Reputation: 49
I have been saving the output of the Android command top into a text file using Python (Bare with me as this is an R inquiry).
Unfortunately, I was missing a parameter that would just save the output as parseable without any ASCII escape commands (See https://unix.stackexchange.com/questions/409053/how-to-disable-color-in-output-of-top-command). I was able to fix that problem using the suggestion in the link.
Since I discovered the fix recently, I have quite a few older non-processed files with these extra characters (see sample output below).

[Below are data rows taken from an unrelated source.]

(* Let $d\in\mathbb{N}$ and $n\geq 3$, and let $k$ be a nonnegative integer with $k\leq \frac{n}{10^4 d^3}$. Let $G$ and $H$ be graphs on $n$ vertices, each with average degree at most $d$. Suppose $G$ and $H$ share $n-k$ cards, i.e. there are distinct vertices $u_1,\dots,u_{n-k}$ of $G$ and distinct vertices $w_1,\dots,w_{n-k}$ of $H$ such that $G-u_i\cong H-w_i$ for every $i\in[n-k]$. Then $G$ and $H$ have the same degree sequence. (That is, the degree sequence of a graph with average degree at most $d$ can be reconstructed from its deck when at most $\frac{n}{10^4d^3}$ of the cards are missing.) *)

theory Defs
  imports Complex_Main "HOL-Library.Multiset"
begin

definition simple_graph :: "'a set \<Rightarrow> 'a set set \<Rightarrow> bool" where
  "simple_graph V E \<longleftrightarrow> finite V \<and>
     (\<forall>e\<in>E. \<exists>x y. x \<noteq> y \<and> x \<in> V \<and> y \<in> V \<and> e = {x, y})"

definition deg :: "'a set \<Rightarrow> 'a set set \<Rightarrow> 'a \<Rightarrow> nat" where
  "deg V E v = card {u \<in> V. {u, v} \<in> E}"

definition degree_seq :: "'a set \<Rightarrow> 'a set set \<Rightarrow> nat multiset" where
  "degree_seq V E = image_mset (deg V E) (mset_set V)"

definition del_vert_V :: "'a set \<Rightarrow> 'a \<Rightarrow> 'a set" where
  "del_vert_V V u = V - {u}"

definition del_vert_E :: "'a set set \<Rightarrow> 'a \<Rightarrow> 'a set set" where
  "del_vert_E E u = {e \<in> E. u \<notin> e}"

definition graph_iso :: "'a set \<Rightarrow> 'a set set \<Rightarrow> 'b set \<Rightarrow> 'b set set \<Rightarrow> bool" where
  "graph_iso V E V' E' \<longleftrightarrow> (\<exists>f. bij_betw f V V' \<and>
     (\<forall>x\<in>V. \<forall>y\<in>V. {x, y} \<in> E \<longleftrightarrow> {f x, f y} \<in> E'))"

end

theory Submission
  imports Defs
begin

text \<open>
  Counting edges on a common card \<open>G - u \<cong> H - w\<close> gives \<open>e(G) - deg u = e(H) - deg w\<close>, so
  \<open>deg u\<^sub>i - deg w\<^sub>i\<close> is a constant \<open>t\<close> over the \<open>n - k\<close> shared cards. Summing, \<open>(n - k - 2) t\<close>
  is the difference of the degree sums of the \<open>k\<close> missing vertices; comparing the excesses of all
  degrees over \<open>4 d\<close> through a card of small degree bounds that difference by roughly
  \<open>|t| n / 2 + 10 k d\<close>, whence \<open>t = 0\<close>.

  Next let \<open>\<gamma>(T)\<close> be the difference between the numbers of vertices of degree at least \<open>T\<close>
  in \<open>G\<close> and \<open>H\<close>. A card determines this number up to the number of neighbours of degree
  \<open>T\<close> of the deleted vertex; summing over the cards and double counting yields
  \<open>(n - k) \<gamma>(T) = T (\<gamma>(T) - \<gamma>(T + 1)) + \<epsilon>\<close> with \<open>|T \<epsilon>| \<le> k d n\<close>. Downward induction from
  \<open>T = n\<close> gives \<open>\<gamma> = 0\<close>: in the middle range the recurrence suffices; for small \<open>T\<close> only
  vertices of degree at least \<open>8 d\<close> are counted; for \<open>T\<close> close to \<open>n\<close> a card vertex adjacent
  to all vertices of degree \<open>T\<close> shows \<open>\<gamma>(T + 1) = 0\<close> directly.
\<close>

section \<open>Neighbourhoods and degree counts\<close>

definition nbhd :: "'a set \<Rightarrow> 'a set set \<Rightarrow> 'a \<Rightarrow> 'a set" where
  "nbhd V E x = {y\<in>V. {y, x} \<in> E}"

definition deg_ge_count :: "'a set \<Rightarrow> 'a set set \<Rightarrow> nat \<Rightarrow> nat" where
  "deg_ge_count V E T = card {x\<in>V. T \<le> deg V E x}"

definition deg_count :: "'a set \<Rightarrow> 'a set set \<Rightarrow> nat \<Rightarrow> nat" where
  "deg_count V E T = card {x\<in>V. deg V E x = T}"

definition nbhd_deg_count :: "'a set \<Rightarrow> 'a set set \<Rightarrow> nat \<Rightarrow> 'a \<Rightarrow> nat" where
  "nbhd_deg_count V E T x = card {z\<in>nbhd V E x. deg V E z = T}"

lemma deg_eq_card_nbhd: "deg V E x = card (nbhd V E x)"
  by (simp add: deg_def nbhd_def)

lemma nbhd_subset: "nbhd V E x \<subseteq> V"
  by (auto simp: nbhd_def)

lemma nbhd_sym: "x \<in> V \<Longrightarrow> y \<in> V \<Longrightarrow> y \<in> nbhd V E x \<longleftrightarrow> x \<in> nbhd V E y"
  by (auto simp: nbhd_def insert_commute)

lemma card_filter_eq_sum: "finite A \<Longrightarrow> card {x\<in>A. P x} = (\<Sum>x\<in>A. of_bool (P x) :: nat)"
  by (simp add: sum.If_cases Int_def)

lemma card_remove_filter:
  assumes "finite B"
  shows "card {z\<in>B. p z} = card {z\<in>B - {u}. p z} + of_bool (u \<in> B \<and> p u)"
proof (cases "u \<in> B \<and> p u")
  case True
  then have "{z\<in>B. p z} = insert u {z\<in>B - {u}. p z}" by blast
  then show ?thesis using assms True by simp
next
  case False
  then have "{z\<in>B. p z} = {z\<in>B - {u}. p z}" by blast
  then show ?thesis using False by simp
qed

lemma abs_card_filter_diff_le:
  assumes "finite A"
  shows "\<bar>int (card {z\<in>A. p z}) - int (card {z\<in>A. q z})\<bar> \<le> int (card {z\<in>A. p z \<noteq> q z})"
proof -
  have "card {z\<in>A. p z} \<le> card {z\<in>A. q z} + card {z\<in>A. p z \<noteq> q z}"
       "card {z\<in>A. q z} \<le> card {z\<in>A. p z} + card {z\<in>A. p z \<noteq> q z}"
    by (rule order.trans[OF card_mono card_Un_le]; use assms in auto)+
  then show ?thesis by linarith
qed

context
  fixes V :: "'a set" and E :: "'a set set"
  assumes graph: "simple_graph V E"
begin

lemma finite_vertices: "finite V"
  using graph by (simp add: simple_graph_def)

lemma finite_nbhd: "finite (nbhd V E x)"
  using finite_subset[OF nbhd_subset finite_vertices] .

lemma not_in_nbhd_self: "x \<notin> nbhd V E x"
  using graph by (force simp: nbhd_def simple_graph_def doubleton_eq_iff)

lemma deg_le_card_minus_one:
  assumes "x \<in> V"
  shows "deg V E x \<le> card V - 1"
proof -
  have "nbhd V E x \<subseteq> V - {x}"
    using nbhd_subset not_in_nbhd_self by fast
  then have "card (nbhd V E x) \<le> card (V - {x})"
    using finite_vertices by (intro card_mono) auto
  then show ?thesis
    using assms finite_vertices by (simp add: deg_eq_card_nbhd)
qed

lemma sum_card_nbhd_filter:
  "(\<Sum>x\<in>V. card {z\<in>nbhd V E x. P z}) = (\<Sum>z\<in>{z\<in>V. P z}. deg V E z)"
proof -
  have "(\<Sum>x\<in>V. card {z\<in>nbhd V E x. P z}) = (\<Sum>x\<in>V. \<Sum>z\<in>V. of_bool ({z, x} \<in> E \<and> P z))"
    by (intro sum.cong refl) (simp add: nbhd_def card_filter_eq_sum[OF finite_vertices, symmetric])
  also have "\<dots> = (\<Sum>z\<in>V. \<Sum>x\<in>V. of_bool ({z, x} \<in> E \<and> P z))"
    by (rule sum.swap)
  also have "\<dots> = (\<Sum>z\<in>V. if P z then deg V E z else 0)"
    by (intro sum.cong refl)
       (simp add: deg_def insert_commute card_filter_eq_sum[OF finite_vertices, symmetric])
  also have "\<dots> = (\<Sum>z\<in>{z\<in>V. P z}. deg V E z)"
    using finite_vertices by (simp add: sum.If_cases Int_def)
  finally show ?thesis .
qed

lemma sum_nbhd_deg_count: "(\<Sum>x\<in>V. nbhd_deg_count V E T x) = T * deg_count V E T"
  using sum_card_nbhd_filter[of "\<lambda>z. deg V E z = T"]
  by (simp add: nbhd_deg_count_def deg_count_def)

lemma nbhd_deg_count_le_deg: "nbhd_deg_count V E T x \<le> deg V E x"
  unfolding nbhd_deg_count_def deg_eq_card_nbhd using finite_nbhd by (intro card_mono) auto

lemma nbhd_deg_count_le_deg_count: "nbhd_deg_count V E T x \<le> deg_count V E T"
  unfolding nbhd_deg_count_def deg_count_def
  using finite_vertices nbhd_subset[of V E x] by (intro card_mono) auto

lemma deg_ge_count_bound: "T * deg_ge_count V E T \<le> (\<Sum>x\<in>V. deg V E x)"
proof -
  have "T * deg_ge_count V E T = (\<Sum>x\<in>{x\<in>V. T \<le> deg V E x}. T)"
    by (simp add: deg_ge_count_def)
  also have "\<dots> \<le> (\<Sum>x\<in>{x\<in>V. T \<le> deg V E x}. deg V E x)"
    by (intro sum_mono) auto
  also have "\<dots> \<le> (\<Sum>x\<in>V. deg V E x)"
    using finite_vertices by (intro sum_mono2) auto
  finally show ?thesis .
qed

lemma deg_count_bound: "T * deg_count V E T \<le> (\<Sum>x\<in>V. deg V E x)"
proof -
  have "T * deg_count V E T = (\<Sum>x\<in>{x\<in>V. deg V E x = T}. deg V E x)"
    by (simp add: deg_count_def)
  also have "\<dots> \<le> (\<Sum>x\<in>V. deg V E x)"
    using finite_vertices by (intro sum_mono2) auto
  finally show ?thesis .
qed

lemma deg_ge_count_Suc: "deg_ge_count V E T = deg_count V E T + deg_ge_count V E (Suc T)"
proof -
  have "{x\<in>V. T \<le> deg V E x} = {x\<in>V. deg V E x = T} \<union> {x\<in>V. Suc T \<le> deg V E x}"
    by auto
  then show ?thesis
    unfolding deg_ge_count_def deg_count_def using finite_vertices
    by (simp add: card_Un_disjoint disjoint_iff)
qed

lemma deg_ge_count_eq_0:
  assumes "card V \<le> T"
  shows "deg_ge_count V E T = 0"
proof -
  have "T \<le> deg V E x \<Longrightarrow> x \<notin> V" for x
    using deg_le_card_minus_one[of x] assms finite_vertices card_gt_0_iff[of V] by fastforce
  then have "{x\<in>V. T \<le> deg V E x} = {}" by blast
  then show ?thesis unfolding deg_ge_count_def by (simp only: card.empty)
qed

lemma count_degree_seq: "count (degree_seq V E) T = deg_count V E T"
  using finite_vertices by (simp add: degree_seq_def deg_count_def count_image_mset Int_def conj_commute)

lemma nbhd_deg_count_eq_deg_count:
  assumes "x \<in> V" and "\<And>z. z \<in> V \<Longrightarrow> deg V E z = T \<Longrightarrow> x \<in> nbhd V E z"
  shows "nbhd_deg_count V E T x = deg_count V E T"
proof -
  have "{z\<in>nbhd V E x. deg V E z = T} = {z\<in>V. deg V E z = T}"
    using assms nbhd_subset[of V E x] nbhd_sym[OF assms(1)] by blast
  then show ?thesis
    by (simp add: nbhd_deg_count_def deg_count_def)
qed

lemma card_nbhd_remove: "card (nbhd V E x - {u}) + of_bool (u \<in> nbhd V E x) = deg V E x"
proof (cases "u \<in> nbhd V E x")
  case True
  then have "card (nbhd V E x) \<ge> 1"
    using finite_nbhd[of x] card_gt_0_iff[of "nbhd V E x"] by fastforce
  then show ?thesis
    using True finite_nbhd[of x] by (simp add: deg_eq_card_nbhd card_Diff_singleton)
qed (simp add: deg_eq_card_nbhd)

lemma Collect_adjacent_eq_nbhd:
  assumes "u \<in> V"
  shows "{x\<in>V - {u}. u \<in> nbhd V E x \<and> Q x} = {z\<in>nbhd V E u. Q z}"
  using assms nbhd_sym[of _ V u E] nbhd_subset[of V E u] not_in_nbhd_self[of u] by blast

lemma sum_adjacent:
  assumes "u \<in> V"
  shows "(\<Sum>x\<in>V - {u}. of_bool (u \<in> nbhd V E x) :: nat) = deg V E u"
proof -
  have "(\<Sum>x\<in>V - {u}. of_bool (u \<in> nbhd V E x) :: nat) = card {x\<in>V - {u}. u \<in> nbhd V E x}"
    using finite_vertices by (metis card_filter_eq_sum finite_Diff)
  also have "\<dots> = card (nbhd V E u)"
    using Collect_adjacent_eq_nbhd[OF assms, of "\<lambda>_. True"] by simp
  finally show ?thesis by (simp add: deg_eq_card_nbhd)
qed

Copying part of the output from the actual text file:
[s[999C[999B[6n[u[H[J[?25l[H[J[s[999C[999B[6n[uTasks: 279 total, 5 running, 274 sleeping, 0 stopped, 0 zombie
Mem: 1702176K total, 1661708K used, 41439232 free, 11583488 buffers
Swap: 425540K total, 345512K used, 81948672 free, 487176K cached
400%cpu 138%user 3%nice 235%sys 5%idle 0%iow 0%irq 19%sirq 0%host
[7m PID USER PR NI VIRT RES SHR S[%CPU] %MEM TIME+ ARGS [0m
I have an R program that reads these text files and does some post processing which works fairly well MOST of the time. Other instances these extra characters in a given file require manual cleanup.
Is there a way that I could modify my read.table command to tell R to ignore these wherever they are found ?
My code to read the text file and store the output into a CSV file is below. There is additional post-processing after that, which is really not relevant to the ask:
for (file in data_files)
{
i = i + 1
ncol <- max(count.fields(paste(folder,file,sep="/"), sep = ""))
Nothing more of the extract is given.